The framework I’ve outlined provides structure without being overly prescriptive. Adapt it to your specific situation, taking into account team size, company maturity, and role expectations. The key is having a deliberate approach rather than simply reacting to whatever comes your way.

Remember that this period is as much about learning as it is about contributing.

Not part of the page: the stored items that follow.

(* There exist nonempty compact convex sets $C_1, C_2, C_3\subseteq \mathbb{R}^3$ such that for every $\varepsilon\in(0,1]$ there is a unique $\varepsilon$-cycle $\mathbf{u}^\varepsilon=(u_1^\varepsilon,u_2^\varepsilon,u_3^\varepsilon)\in(\mathbb{R}^3)^3$ for $C_1,C_2,C_3$, and moreover the limit $\lim_{\varepsilon\downarrow 0}\mathbf{u}^\varepsilon$ does not exist.
   Context: For a nonempty closed convex set $C\subseteq\mathbb{R}^n$, $\Pi_C(u)$ denotes the (unique) Euclidean projection of $u$ onto $C$, i.e. the point of $C$ closest to $u$. Given nonempty closed convex sets $C_1,\dots,C_m$ and a relaxation parameter $\varepsilon\in(0,1]$, an $\varepsilon$-cycle for $C_1,\dots,C_m$ is an $m$-tuple $(u_1,\dots,u_m)$ satisfying $u_1=u_m+\varepsilon(\Pi_{C_1}(u_m)-u_m)$ and $u_i=u_{i-1}+\varepsilon(\Pi_{C_i}(u_{i-1})-u_{i-1})$ for $i=2,\dots,m$. (These are the limit cycles of the under-relaxed cyclic projection method $u_{n+1}=u_n+\varepsilon(\Pi_{C_{i(n)}}(u_n)-u_n)$ cycling through $C_1,\dots,C_m$.) *)

theory Defs
  imports "HOL-Analysis.Analysis"
begin

definition proj :: "('a::euclidean_space) set \<Rightarrow> 'a \<Rightarrow> 'a" where
  "proj C u = closest_point C u"

definition relax_step :: "real \<Rightarrow> ('a::euclidean_space) set \<Rightarrow> 'a \<Rightarrow> 'a" where
  "relax_step \<epsilon> C u = u + \<epsilon> *\<^sub>R (proj C u - u)"

definition eps_cycle3 ::
  "real \<Rightarrow> 'a set \<Rightarrow> 'a set \<Rightarrow> 'a set \<Rightarrow> ('a::euclidean_space) \<times> 'a \<times> 'a \<Rightarrow> bool" where
  "eps_cycle3 \<epsilon> C1 C2 C3 u \<longleftrightarrow>
     (case u of (u1, u2, u3) \<Rightarrow>
        u1 = relax_step \<epsilon> C1 u3 \<and> u2 = relax_step \<epsilon> C2 u1 \<and> u3 = relax_step \<epsilon> C3 u2)"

By balancing curiosity with initiative and relationship-building with technical exploration, you’ll establish yourself as both competent and collaborative—setting the foundation for long-term success in your role.

Whether you’re a junior engineer in your first position or a seasoned professional in a new environment, approaching these critical first months with intention and structure will significantly increase your chances of making a positive, lasting impact.



Practical 30-60-90 Day Checklist


First 30 Days Checklist

  • Set up 1:1s with all immediate team members
  • Schedule at least three skip-level meetings with senior leaders
  • Request a comprehensive codebase walkthrough
  • Read all available documentation and identify gaps
  • Create a map of key system components and data flows
  • Fix at least two simple bugs
  • Learn the team’s development workflow and tooling
  • Understand the current data architecture and pipeline design
  • Identify the team’s biggest pain points (ask explicitly in 1:1s)
  • Document your own onboarding experience and questions
  • Map out who the key decision-makers are that consume your team’s data
  • Identify what type of impact (measurable, hard-to-measure, immeasurable) is most valued

60 Days Checklist

  • Lead a design discussion for a feature or component
  • Provide substantive feedback in at least five code reviews
  • Update or create documentation for an undocumented area
  • Take ownership of a moderately complex feature or improvement
  • Schedule a progress review with your manager
  • Understand the business context and objectives driving technical decisions
  • Map relationships between your team’s work and broader company goals
  • Identify at least one process that could be improved
  • Contribute to the team’s technical roadmap discussions
  • Measure and track your own productivity and impact

90 Days Checklist

  • Propose a significant improvement or new initiative
  • Present your work to the broader team or department
  • Mentor a newer team member or contribute to knowledge sharing
  • Establish long-term professional development goals with your manager
  • Identify and implement at least one efficiency improvement
  • Take full ownership of a critical system or component
  • Contribute to hiring or interviewing (if applicable)
  • Build relationships with stakeholders outside your immediate team
  • Reflect on your progress and adjust your approach as needed
  • Set objectives for your next three months
  • Document a measurable impact you’ve had (cost savings, performance improvement)
  • Create or improve at least one data interface to make insights more accessible
  • Understand what different stakeholders need from your data (executives vs. engineers)

By approaching your first 90 days with this structured methodology, you’ll not only accelerate your own integration but also clearly demonstrate your value to the organization. Remember that the goal isn’t to check every box perfectly—it’s to establish momentum and patterns that will serve you throughout your tenure.